競泳男子400m個人メドレー瀬戸大也選手
本命の400m個人メドレーでまさかの予選落ちということだが、瀬戸選手のコメントが次のもの。
リオで、予選結構いってしまって、決勝、上がらなかったってことがあったので、そういう経験も踏まえて(略)明日しっかりと上がるように泳げばいいやという感じで泳いだんですけど
「明日しっかりと上がるように泳げばいいやという感じで泳いだんですけど」という表現からは、予選突破は当たり前で、決勝の泳ぎのイメージを持った泳ぎをしていたら、決勝に残れなかったと多少驕ったニュアンスのある表現もあるが、これは試合直後のインタビューであるので、その辺りの細かい表現についてとやかく言うのは避けて考えると、言っていることの本質は、金メダルを意識したがために戦略的に予選を泳いだら、決勝に上がれず失敗したということ。
決勝に向けた戦術と結果を分けたもの
高藤選手も瀬戸選手も金メダルをにらんで、戦術的に予選と決勝を考え、戦ったことは変わらない。そこで成否を分けたのは、もちろん運の要素も大きいだろうが、相手の存在の感じ方の種目的違い。柔道は相手が目の前にいるが、水泳は横に並んでいるし、予選で別の組の場合、一緒に泳いでさえいない。しかも水中である。過去の自分の肌感覚で、これ位なら体にダメージを残さず予選突破できるだろうと決める部分も必要。今組んでいる相手を見ながら戦う柔道とは大きく違う。

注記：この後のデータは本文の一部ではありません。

lemma Kbar_mult_vec_append:
  assumes "c1 \<in> carrier_vec (q * (r - 1))" "c2 \<in> carrier_vec ((\<nu> - q) * r)"
  shows "Kbar q r \<nu> z *\<^sub>v (c1 @\<^sub>v c2) =
    (kron (1\<^sub>m q) (Fm r z) *\<^sub>v c1 + kron (shift_mat q) (Fm' r z) *\<^sub>v c1
      + - (kron (ellphi q \<nu>) (Gm r z) *\<^sub>v c2)) @\<^sub>v
    (kron (1\<^sub>m (\<nu> - q)) (1\<^sub>m r) *\<^sub>v c2 - kron (shift_mat (\<nu> - q)) (Gm r z) *\<^sub>v c2)"
proof -
  let ?TL = "kron (1\<^sub>m q) (Fm r z) + kron (shift_mat q) (Fm' r z)"
  let ?TR = "- kron (ellphi q \<nu>) (Gm r z)"
  let ?BL = "0\<^sub>m ((\<nu> - q) * r) (q * (r - 1)) :: complex mat"
  let ?BR = "kron (1\<^sub>m (\<nu> - q)) (1\<^sub>m r) - kron (shift_mat (\<nu> - q)) (Gm r z)"
  have TL: "?TL \<in> carrier_mat (q * r) (q * (r - 1))"
    by (intro add_carrier_mat kron_carrier one_carrier_mat shift_mat_carrier Fm_carrier Fm'_carrier)
  have TR: "?TR \<in> carrier_mat (q * r) ((\<nu> - q) * r)"
    by (intro uminus_carrier_mat kron_carrier ellphi_carrier Gm_carrier)
  have BL: "?BL \<in> carrier_mat ((\<nu> - q) * r) (q * (r - 1))"
    by simp
  have BR: "?BR \<in> carrier_mat ((\<nu> - q) * r) ((\<nu> - q) * r)"
    by (intro minus_carrier_mat kron_carrier one_carrier_mat shift_mat_carrier Gm_carrier)
  have "Kbar q r \<nu> z *\<^sub>v (c1 @\<^sub>v c2) = (?TL *\<^sub>v c1 + ?TR *\<^sub>v c2) @\<^sub>v (?BL *\<^sub>v c1 + ?BR *\<^sub>v c2)"
    unfolding Kbar_def by (rule four_block_mat_mult_vec[OF TL TR BL BR assms])
  moreover have "?TL *\<^sub>v c1 = kron (1\<^sub>m q) (Fm r z) *\<^sub>v c1 + kron (shift_mat q) (Fm' r z) *\<^sub>v c1"
    using add_mult_distrib_mat_vec[OF kron_carrier[OF one_carrier_mat Fm_carrier]
        kron_carrier[OF shift_mat_carrier Fm'_carrier] assms(1)] .
  moreover have "?TR *\<^sub>v c2 = - (kron (ellphi q \<nu>) (Gm r z) *\<^sub>v c2)"
    using assms(2) by (intro uminus_mult_mat_vec) simp
  moreover have "?BL *\<^sub>v c1 = 0\<^sub>v ((\<nu> - q) * r)"
    using assms(1) by (intro eq_vecI) auto
  moreover have "?BR *\<^sub>v c2 =
      kron (1\<^sub>m (\<nu> - q)) (1\<^sub>m r) *\<^sub>v c2 - kron (shift_mat (\<nu> - q)) (Gm r z) *\<^sub>v c2"
    using minus_mult_distrib_mat_vec[OF kron_carrier[OF one_carrier_mat one_carrier_mat]
        kron_carrier[OF shift_mat_carrier Gm_carrier] assms(2)] .
  moreover have "?BR *\<^sub>v c2 \<in> carrier_vec ((\<nu> - q) * r)"
    using BR assms(2) by (rule mult_mat_vec_carrier)
  ultimately show ?thesis
    by (simp only: left_zero_vec)
qed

柔道も水泳も、決勝の舞台に上がらなければ金メダルは取れない。しかし、決勝前の試合においては、戦う相手にただ勝つのみでなく、どのように勝つかも重要になる。トーナメント形式で相手を直接下すスポーツである柔道と、予選形式で複数相手と文字通り横並びの中で抜きん出ることを競うスポーツである競泳では、駆け引きも大きく異なる。そんな中、柔道高藤選手と競泳瀬戸選手は明暗を分けた。オリンピックの女神は、この結果にどんな思いを込めたのだろうか。
高藤選手は一発勝負、瀬戸選手はあと2回チャンスがある
柔道高藤選手は1種目しか出場機会がないから、これでおしまいだが、競泳の瀬戸選手はあと2種目ある。だから、今回の教訓を生かすチャンスはまだあるといえばある。ただし、今回の400メートル個人メドレーが本命ということだが。